Your goal »
Lines below that include "fixes" are the answer; copy each one.
** Record extracts follows **
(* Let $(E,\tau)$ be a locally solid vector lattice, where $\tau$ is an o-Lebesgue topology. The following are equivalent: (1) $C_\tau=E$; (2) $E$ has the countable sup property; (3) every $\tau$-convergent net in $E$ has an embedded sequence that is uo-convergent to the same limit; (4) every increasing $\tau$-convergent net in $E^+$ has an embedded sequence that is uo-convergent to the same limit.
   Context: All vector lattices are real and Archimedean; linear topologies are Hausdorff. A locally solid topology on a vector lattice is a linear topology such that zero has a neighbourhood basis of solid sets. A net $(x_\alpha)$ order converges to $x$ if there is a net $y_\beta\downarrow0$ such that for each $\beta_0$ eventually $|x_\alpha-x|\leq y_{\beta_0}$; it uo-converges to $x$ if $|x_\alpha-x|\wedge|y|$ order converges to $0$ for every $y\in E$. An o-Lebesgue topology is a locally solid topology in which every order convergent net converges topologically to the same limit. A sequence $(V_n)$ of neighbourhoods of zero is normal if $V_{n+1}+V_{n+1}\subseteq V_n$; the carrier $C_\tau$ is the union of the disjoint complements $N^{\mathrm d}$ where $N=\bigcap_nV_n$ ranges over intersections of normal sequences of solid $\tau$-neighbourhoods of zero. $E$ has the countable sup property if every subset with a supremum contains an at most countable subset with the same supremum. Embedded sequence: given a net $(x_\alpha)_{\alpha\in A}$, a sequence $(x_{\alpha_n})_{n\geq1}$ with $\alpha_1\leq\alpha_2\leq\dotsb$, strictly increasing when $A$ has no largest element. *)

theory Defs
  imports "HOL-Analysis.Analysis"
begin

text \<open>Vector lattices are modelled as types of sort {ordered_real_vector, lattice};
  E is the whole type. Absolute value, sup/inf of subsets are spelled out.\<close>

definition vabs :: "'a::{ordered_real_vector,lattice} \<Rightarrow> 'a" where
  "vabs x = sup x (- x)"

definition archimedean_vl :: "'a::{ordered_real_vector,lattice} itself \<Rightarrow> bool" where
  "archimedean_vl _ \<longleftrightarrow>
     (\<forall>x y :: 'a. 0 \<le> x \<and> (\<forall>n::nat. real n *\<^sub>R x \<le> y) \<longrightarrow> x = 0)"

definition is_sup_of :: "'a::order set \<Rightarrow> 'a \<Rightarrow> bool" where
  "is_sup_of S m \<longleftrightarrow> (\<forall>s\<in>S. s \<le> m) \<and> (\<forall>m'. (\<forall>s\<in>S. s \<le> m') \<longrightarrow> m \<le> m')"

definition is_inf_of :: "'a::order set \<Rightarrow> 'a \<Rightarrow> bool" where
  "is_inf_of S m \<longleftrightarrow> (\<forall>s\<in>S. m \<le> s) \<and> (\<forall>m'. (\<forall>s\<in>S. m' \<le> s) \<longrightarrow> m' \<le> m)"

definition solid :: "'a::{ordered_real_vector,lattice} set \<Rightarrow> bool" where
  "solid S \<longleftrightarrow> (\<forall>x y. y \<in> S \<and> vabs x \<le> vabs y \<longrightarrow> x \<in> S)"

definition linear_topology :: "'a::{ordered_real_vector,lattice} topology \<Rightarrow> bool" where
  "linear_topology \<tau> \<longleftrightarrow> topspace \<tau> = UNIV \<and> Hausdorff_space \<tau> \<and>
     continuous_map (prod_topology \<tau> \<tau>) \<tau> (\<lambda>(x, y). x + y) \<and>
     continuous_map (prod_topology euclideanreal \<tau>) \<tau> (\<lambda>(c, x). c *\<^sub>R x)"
** End of Record extracts **
** Record extracts follows **
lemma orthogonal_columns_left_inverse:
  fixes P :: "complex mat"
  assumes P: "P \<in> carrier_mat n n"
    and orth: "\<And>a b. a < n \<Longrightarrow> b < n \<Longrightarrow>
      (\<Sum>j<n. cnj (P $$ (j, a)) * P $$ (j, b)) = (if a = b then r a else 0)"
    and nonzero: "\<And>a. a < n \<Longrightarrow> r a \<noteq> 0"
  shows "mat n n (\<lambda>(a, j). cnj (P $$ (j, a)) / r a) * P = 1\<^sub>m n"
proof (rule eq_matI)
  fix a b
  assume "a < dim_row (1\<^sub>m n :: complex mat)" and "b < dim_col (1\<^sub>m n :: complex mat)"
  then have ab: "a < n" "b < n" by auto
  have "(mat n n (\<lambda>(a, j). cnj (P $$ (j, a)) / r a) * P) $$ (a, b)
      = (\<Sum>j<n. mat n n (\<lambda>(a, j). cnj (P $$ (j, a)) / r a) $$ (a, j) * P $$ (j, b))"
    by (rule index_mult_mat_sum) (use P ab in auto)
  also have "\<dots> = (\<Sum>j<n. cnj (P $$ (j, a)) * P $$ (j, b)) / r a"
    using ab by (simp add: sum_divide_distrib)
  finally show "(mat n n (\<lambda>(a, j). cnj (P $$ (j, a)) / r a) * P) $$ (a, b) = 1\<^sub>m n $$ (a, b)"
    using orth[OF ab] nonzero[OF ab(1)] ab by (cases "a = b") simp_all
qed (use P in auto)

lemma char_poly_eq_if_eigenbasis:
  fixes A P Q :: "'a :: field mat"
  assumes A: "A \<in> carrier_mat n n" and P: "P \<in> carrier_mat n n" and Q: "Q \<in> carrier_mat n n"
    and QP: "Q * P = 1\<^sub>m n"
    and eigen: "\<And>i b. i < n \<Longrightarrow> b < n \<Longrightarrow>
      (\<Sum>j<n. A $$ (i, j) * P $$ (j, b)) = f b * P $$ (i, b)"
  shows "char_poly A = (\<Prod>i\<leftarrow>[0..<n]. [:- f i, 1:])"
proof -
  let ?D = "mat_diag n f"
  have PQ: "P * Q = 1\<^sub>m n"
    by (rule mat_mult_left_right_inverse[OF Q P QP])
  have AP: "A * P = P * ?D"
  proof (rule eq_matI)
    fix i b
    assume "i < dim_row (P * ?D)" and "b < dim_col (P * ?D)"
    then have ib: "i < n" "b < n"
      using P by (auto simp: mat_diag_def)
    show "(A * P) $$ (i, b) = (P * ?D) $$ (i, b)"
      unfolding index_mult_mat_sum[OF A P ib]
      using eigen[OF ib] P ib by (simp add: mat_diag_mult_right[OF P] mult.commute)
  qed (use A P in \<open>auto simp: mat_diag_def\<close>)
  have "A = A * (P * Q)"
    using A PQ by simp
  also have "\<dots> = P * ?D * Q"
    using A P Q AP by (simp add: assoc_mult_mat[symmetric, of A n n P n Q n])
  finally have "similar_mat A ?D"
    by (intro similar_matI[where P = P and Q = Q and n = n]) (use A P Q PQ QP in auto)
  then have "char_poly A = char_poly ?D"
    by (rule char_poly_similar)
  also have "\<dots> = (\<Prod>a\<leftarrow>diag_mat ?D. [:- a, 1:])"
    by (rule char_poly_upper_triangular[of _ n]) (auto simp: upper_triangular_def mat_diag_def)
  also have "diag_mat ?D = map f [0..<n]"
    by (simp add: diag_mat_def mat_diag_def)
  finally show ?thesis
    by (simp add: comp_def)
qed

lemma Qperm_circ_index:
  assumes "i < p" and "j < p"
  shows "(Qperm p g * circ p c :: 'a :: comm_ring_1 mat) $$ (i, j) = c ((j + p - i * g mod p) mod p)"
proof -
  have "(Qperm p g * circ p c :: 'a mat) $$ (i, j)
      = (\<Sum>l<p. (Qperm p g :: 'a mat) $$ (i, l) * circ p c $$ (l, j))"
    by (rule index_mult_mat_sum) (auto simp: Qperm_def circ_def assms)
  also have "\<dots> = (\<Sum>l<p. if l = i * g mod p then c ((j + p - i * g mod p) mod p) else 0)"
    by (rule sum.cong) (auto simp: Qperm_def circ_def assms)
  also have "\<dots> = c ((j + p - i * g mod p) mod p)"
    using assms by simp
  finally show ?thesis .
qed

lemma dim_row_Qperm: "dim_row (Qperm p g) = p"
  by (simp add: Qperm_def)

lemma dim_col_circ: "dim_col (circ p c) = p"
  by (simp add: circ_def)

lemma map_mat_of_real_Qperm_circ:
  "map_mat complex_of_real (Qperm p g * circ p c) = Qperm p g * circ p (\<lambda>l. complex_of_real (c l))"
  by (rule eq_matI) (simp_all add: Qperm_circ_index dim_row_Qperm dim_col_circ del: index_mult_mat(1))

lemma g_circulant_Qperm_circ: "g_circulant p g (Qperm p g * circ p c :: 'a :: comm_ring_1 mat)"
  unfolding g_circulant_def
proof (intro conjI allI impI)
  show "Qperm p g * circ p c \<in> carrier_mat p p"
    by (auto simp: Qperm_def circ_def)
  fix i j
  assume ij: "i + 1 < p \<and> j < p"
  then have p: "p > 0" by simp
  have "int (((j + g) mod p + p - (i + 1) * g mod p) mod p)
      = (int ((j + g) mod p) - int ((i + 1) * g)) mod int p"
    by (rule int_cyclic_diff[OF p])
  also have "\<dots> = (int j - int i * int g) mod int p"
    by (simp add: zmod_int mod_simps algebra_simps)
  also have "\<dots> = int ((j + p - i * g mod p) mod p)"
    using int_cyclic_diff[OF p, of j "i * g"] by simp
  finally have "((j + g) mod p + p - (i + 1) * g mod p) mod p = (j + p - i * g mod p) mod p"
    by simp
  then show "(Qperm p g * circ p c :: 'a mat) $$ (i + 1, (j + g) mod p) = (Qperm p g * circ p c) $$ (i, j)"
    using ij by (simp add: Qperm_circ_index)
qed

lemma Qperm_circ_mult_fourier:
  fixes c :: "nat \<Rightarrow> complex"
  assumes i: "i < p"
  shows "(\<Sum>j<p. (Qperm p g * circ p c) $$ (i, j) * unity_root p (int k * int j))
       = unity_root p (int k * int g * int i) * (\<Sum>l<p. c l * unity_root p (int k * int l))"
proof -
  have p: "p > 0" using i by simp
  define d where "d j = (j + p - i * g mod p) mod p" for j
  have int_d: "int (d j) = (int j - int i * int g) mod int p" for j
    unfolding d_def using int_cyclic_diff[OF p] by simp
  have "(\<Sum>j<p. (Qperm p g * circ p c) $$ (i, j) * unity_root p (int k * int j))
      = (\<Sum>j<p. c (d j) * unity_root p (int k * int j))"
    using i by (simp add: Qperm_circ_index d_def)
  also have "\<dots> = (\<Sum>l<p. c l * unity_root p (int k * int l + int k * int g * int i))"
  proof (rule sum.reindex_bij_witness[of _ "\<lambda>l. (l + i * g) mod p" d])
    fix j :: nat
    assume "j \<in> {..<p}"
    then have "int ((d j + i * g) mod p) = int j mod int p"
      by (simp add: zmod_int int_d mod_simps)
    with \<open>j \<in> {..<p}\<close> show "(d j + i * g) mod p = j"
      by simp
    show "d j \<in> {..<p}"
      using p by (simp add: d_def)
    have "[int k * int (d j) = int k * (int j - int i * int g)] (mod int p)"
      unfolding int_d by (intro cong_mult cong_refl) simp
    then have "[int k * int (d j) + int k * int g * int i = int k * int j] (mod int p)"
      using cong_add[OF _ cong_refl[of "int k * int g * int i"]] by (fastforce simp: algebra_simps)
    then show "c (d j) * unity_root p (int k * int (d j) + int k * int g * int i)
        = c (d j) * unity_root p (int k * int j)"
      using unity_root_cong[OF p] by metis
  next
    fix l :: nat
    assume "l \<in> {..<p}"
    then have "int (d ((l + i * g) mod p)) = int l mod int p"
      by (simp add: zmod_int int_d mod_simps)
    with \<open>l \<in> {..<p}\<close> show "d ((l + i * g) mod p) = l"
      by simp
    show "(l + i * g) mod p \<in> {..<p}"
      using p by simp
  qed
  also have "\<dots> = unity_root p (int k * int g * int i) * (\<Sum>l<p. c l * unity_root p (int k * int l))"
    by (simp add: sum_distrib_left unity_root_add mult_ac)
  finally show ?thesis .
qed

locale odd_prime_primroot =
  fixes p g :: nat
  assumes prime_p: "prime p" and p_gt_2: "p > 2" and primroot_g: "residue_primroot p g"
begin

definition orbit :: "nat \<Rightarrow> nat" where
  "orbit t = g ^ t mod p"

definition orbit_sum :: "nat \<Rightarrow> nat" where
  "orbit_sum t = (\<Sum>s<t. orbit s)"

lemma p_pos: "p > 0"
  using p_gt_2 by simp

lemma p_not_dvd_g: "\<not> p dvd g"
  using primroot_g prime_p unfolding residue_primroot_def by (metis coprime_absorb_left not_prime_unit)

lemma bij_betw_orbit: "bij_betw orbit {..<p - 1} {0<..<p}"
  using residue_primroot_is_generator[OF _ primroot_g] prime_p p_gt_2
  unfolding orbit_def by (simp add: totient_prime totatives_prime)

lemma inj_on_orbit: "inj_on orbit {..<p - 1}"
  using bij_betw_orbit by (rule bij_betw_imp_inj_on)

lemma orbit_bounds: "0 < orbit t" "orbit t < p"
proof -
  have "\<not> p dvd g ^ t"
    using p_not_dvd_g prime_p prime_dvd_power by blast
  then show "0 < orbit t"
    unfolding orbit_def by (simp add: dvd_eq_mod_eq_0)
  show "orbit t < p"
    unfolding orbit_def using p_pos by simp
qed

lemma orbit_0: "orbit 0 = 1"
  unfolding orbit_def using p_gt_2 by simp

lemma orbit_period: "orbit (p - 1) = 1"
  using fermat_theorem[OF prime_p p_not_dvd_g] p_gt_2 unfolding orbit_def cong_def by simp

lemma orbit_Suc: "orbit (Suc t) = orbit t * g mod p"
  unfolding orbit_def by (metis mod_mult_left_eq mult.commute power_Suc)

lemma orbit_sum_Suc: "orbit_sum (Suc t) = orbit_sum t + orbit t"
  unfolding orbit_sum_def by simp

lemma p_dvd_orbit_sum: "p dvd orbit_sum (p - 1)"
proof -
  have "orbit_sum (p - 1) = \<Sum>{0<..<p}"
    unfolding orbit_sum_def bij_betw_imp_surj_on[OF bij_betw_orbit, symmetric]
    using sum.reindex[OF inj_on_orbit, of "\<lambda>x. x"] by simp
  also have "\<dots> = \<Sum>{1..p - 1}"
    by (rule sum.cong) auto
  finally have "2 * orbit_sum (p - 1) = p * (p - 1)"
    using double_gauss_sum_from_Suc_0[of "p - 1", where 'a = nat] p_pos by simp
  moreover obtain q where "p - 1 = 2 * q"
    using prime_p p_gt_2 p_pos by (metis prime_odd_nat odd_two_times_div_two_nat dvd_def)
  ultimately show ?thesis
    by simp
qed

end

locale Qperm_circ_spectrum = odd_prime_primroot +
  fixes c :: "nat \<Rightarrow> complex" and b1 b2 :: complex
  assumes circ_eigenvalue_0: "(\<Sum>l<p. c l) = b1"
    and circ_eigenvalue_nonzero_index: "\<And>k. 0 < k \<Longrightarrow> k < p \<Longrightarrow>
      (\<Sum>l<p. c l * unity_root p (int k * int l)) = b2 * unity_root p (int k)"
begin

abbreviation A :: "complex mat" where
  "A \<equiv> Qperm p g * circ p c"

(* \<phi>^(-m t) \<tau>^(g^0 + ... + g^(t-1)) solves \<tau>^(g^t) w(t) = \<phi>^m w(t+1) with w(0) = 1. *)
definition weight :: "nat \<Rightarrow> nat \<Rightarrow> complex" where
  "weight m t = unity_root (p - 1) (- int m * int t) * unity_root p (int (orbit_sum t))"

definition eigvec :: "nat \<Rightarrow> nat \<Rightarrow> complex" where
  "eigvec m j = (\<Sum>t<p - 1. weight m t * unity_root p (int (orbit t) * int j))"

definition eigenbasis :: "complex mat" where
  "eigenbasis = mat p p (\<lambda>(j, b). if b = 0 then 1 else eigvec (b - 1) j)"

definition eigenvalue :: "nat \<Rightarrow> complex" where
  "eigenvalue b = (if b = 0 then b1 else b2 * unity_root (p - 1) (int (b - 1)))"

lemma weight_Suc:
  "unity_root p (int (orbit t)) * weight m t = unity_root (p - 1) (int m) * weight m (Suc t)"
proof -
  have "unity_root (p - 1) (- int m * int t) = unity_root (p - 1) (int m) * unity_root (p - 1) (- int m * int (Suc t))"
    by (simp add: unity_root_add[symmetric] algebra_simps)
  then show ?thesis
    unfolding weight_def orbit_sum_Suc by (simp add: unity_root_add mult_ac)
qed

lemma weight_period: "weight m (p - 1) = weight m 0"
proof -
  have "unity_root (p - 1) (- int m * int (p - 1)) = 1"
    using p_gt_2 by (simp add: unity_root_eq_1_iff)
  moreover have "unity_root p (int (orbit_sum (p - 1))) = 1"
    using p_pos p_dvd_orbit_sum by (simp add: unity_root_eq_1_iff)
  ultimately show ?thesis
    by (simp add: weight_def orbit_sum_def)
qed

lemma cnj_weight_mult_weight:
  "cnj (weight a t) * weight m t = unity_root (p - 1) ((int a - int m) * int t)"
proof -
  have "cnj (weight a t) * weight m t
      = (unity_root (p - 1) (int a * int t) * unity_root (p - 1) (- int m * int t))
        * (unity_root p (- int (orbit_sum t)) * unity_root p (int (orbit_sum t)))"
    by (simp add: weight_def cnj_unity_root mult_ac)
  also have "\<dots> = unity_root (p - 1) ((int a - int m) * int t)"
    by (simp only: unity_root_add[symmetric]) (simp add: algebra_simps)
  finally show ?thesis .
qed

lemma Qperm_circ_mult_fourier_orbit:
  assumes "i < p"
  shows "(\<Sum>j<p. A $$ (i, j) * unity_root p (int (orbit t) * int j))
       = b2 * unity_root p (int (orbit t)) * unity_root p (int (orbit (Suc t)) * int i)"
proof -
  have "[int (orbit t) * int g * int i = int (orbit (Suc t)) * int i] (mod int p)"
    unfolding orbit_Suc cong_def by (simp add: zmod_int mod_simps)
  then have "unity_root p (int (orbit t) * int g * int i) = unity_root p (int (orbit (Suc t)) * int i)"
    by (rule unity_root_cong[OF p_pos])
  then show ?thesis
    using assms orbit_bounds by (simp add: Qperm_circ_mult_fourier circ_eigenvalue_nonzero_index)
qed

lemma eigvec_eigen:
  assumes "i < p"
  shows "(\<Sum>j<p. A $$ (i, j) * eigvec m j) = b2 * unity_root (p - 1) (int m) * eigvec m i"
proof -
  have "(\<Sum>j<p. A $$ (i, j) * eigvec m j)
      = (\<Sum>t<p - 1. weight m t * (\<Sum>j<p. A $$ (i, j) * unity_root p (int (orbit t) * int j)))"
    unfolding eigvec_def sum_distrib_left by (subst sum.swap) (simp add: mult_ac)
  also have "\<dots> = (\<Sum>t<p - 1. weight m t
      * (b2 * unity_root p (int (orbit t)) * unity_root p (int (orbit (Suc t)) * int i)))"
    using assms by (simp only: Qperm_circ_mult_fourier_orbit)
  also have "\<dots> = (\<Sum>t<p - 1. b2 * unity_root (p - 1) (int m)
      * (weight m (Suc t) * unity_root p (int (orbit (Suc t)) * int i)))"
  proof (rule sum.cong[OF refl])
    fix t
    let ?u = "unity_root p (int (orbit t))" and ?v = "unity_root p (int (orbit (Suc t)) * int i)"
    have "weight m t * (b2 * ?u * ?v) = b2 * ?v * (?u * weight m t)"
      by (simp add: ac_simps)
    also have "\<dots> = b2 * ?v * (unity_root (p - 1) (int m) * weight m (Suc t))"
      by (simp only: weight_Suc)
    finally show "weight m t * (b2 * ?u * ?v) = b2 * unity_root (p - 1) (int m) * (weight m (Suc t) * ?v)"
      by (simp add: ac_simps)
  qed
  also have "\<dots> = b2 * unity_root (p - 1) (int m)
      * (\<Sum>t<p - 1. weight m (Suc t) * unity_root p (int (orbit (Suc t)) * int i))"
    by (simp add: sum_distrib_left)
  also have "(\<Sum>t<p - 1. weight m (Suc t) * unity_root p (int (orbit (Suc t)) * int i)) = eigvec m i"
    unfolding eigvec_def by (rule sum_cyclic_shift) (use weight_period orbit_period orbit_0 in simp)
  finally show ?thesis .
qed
** End of Record extracts **
Solution for this task »
  fixes P :: "complex mat"
  fixes A P Q :: "'a :: field mat"
  fixes c :: "nat \<Rightarrow> complex"
  fixes p g :: nat
  fixes c :: "nat \<Rightarrow> complex" and b1 b2 :: complex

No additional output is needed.